The beginning of the WEB was mostly an academic concept to share academic writings among themselves. As we can guess, the scientists were not worried about the look and shape of their paper, as long as they can read the paper on the screen.
HTML was never intended to contain tags for formatting a web page. It was created to describe the content of a web page,
On the other hand, as Internet and HTML grew, people began to create more colorful and artistic web pages including many styles.
When tags like <font>, and color attributes were added to the HTML around mid 90’s, it started a nightmare for web developers.

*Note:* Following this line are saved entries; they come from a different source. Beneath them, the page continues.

text \<open>Read the nine symbols as the points of the affine plane over \<open>\<int>/3\<close>. A block row or
  column of a semi-magic board is a line, and a counting argument shows that it lies in one of
  two parallel classes; after possibly exchanging the two coordinates, the first coordinate is
  constant along block rows and the second along block columns. Such a board is determined by
  two stacks of \<open>3 \<times> 3\<close> Latin squares. Moves of \<open>H\<^sub>9\<close> turn every band into a linear square
  \<open>r + s \<cdot> p\<close> with slope \<open>s \<in> {1, 2}\<close>, and permuting and rescaling the slopes leaves three
  cases, according to how many of the two slope vectors are constant. This number is the
  number of directions (bands, pillars) in which the symbol sets of the block lines line up,
  an invariant of \<open>G\<^sub>s\<^sub>m\<close>.\<close>

section \<open>Symbols as points of the affine plane over \<open>\<int>/3\<close>\<close>

text \<open>The symbol \<open>v\<close> is the point \<open>(v div 3, v mod 3)\<close>. Three distinct symbols with sum 12 form a
  line; \<open>coord1\<close> and \<open>coord2\<close> are the linear forms constant on the lines parallel to \<open>{0,4,8}\<close>
  and to \<open>{2,4,6}\<close> respectively, and \<open>symbol\<close> inverts the pair of them.\<close>

definition coord1 :: "nat \<Rightarrow> nat" where
  "coord1 v = (v mod 3 + 2 * (v div 3)) mod 3"

definition coord2 :: "nat \<Rightarrow> nat" where
  "coord2 v = (v div 3 + v mod 3) mod 3"

definition symbol :: "nat \<Rightarrow> nat \<Rightarrow> nat" where
  "symbol a b = 3 * ((b + 2 * ((2 * a + 2 * b) mod 3)) mod 3) + (2 * a + 2 * b) mod 3"

lemma less_3_cases: "(v::nat) < 3 \<Longrightarrow> v = 0 \<or> v = 1 \<or> v = 2"
  by auto

lemma less_9_cases:
  "(v::nat) < 9 \<Longrightarrow> v = 0 \<or> v = 1 \<or> v = 2 \<or> v = 3 \<or> v = 4 \<or> v = 5 \<or> v = 6 \<or> v = 7 \<or> v = 8"
  by auto

lemma all_less_3: "(\<forall>x<3. P x) \<longleftrightarrow> P 0 \<and> P 1 \<and> P (2::nat)"
  by (auto simp: numeral_3_eq_3 numeral_2_eq_2 less_Suc_eq)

Development of large websites, where fonts and color information were added to every single page, became a long and expensive process.
To solve this problem, the World Wide Web Consortium (W3C) created CSS. CSS stands for Cascading Style Sheets and it is the language we use to style a Web page.
Cascading style sheets (CSS) set the presentation of HTML pages. CSS sits on top of the HTML code, like a template, and defines the design for each element on the page: Font, font color, background — web designers can set all of these design elements with CSS.
Additionally.
- It describes how HTML elements are to be displayed on screen, paper, or in other media
- It saves a lot of work. It can control the layout of multiple web pages all at once
- Most of the time HTML and CSS codes are separated, because External stylesheets are stored in CSS files.
With all its good and helpful sides, there are some developers critical about CSS. Some finds it confusing on the following issues:
- global scope,
- specificity and limited inheritance,
- the box model (much better with flexbox and CSS grid),
- margins/paddings (got better with box-sizing: border-box;),
- lack of debug tools ( getting better with browser dev tools)
These troublesome areas led discussions towards offering the idea of applying styles to elements through JavaScript as dynamic inline elements. There were suggestions on replacing style.css files with style.js ones. Although those discussions not over yet, for the foreseeable future, full stack developers will need to learn and understand the CSS.
So can you avoid CSS? Basically no. If you want to web development, you’ll eventually need to get your hands dirty and learn some CSS. It’s a safe bet that you’ll need CSS skills to excel as a front-end developer, and once get skills on CSS you will be a preferable full-stack developer at most companies.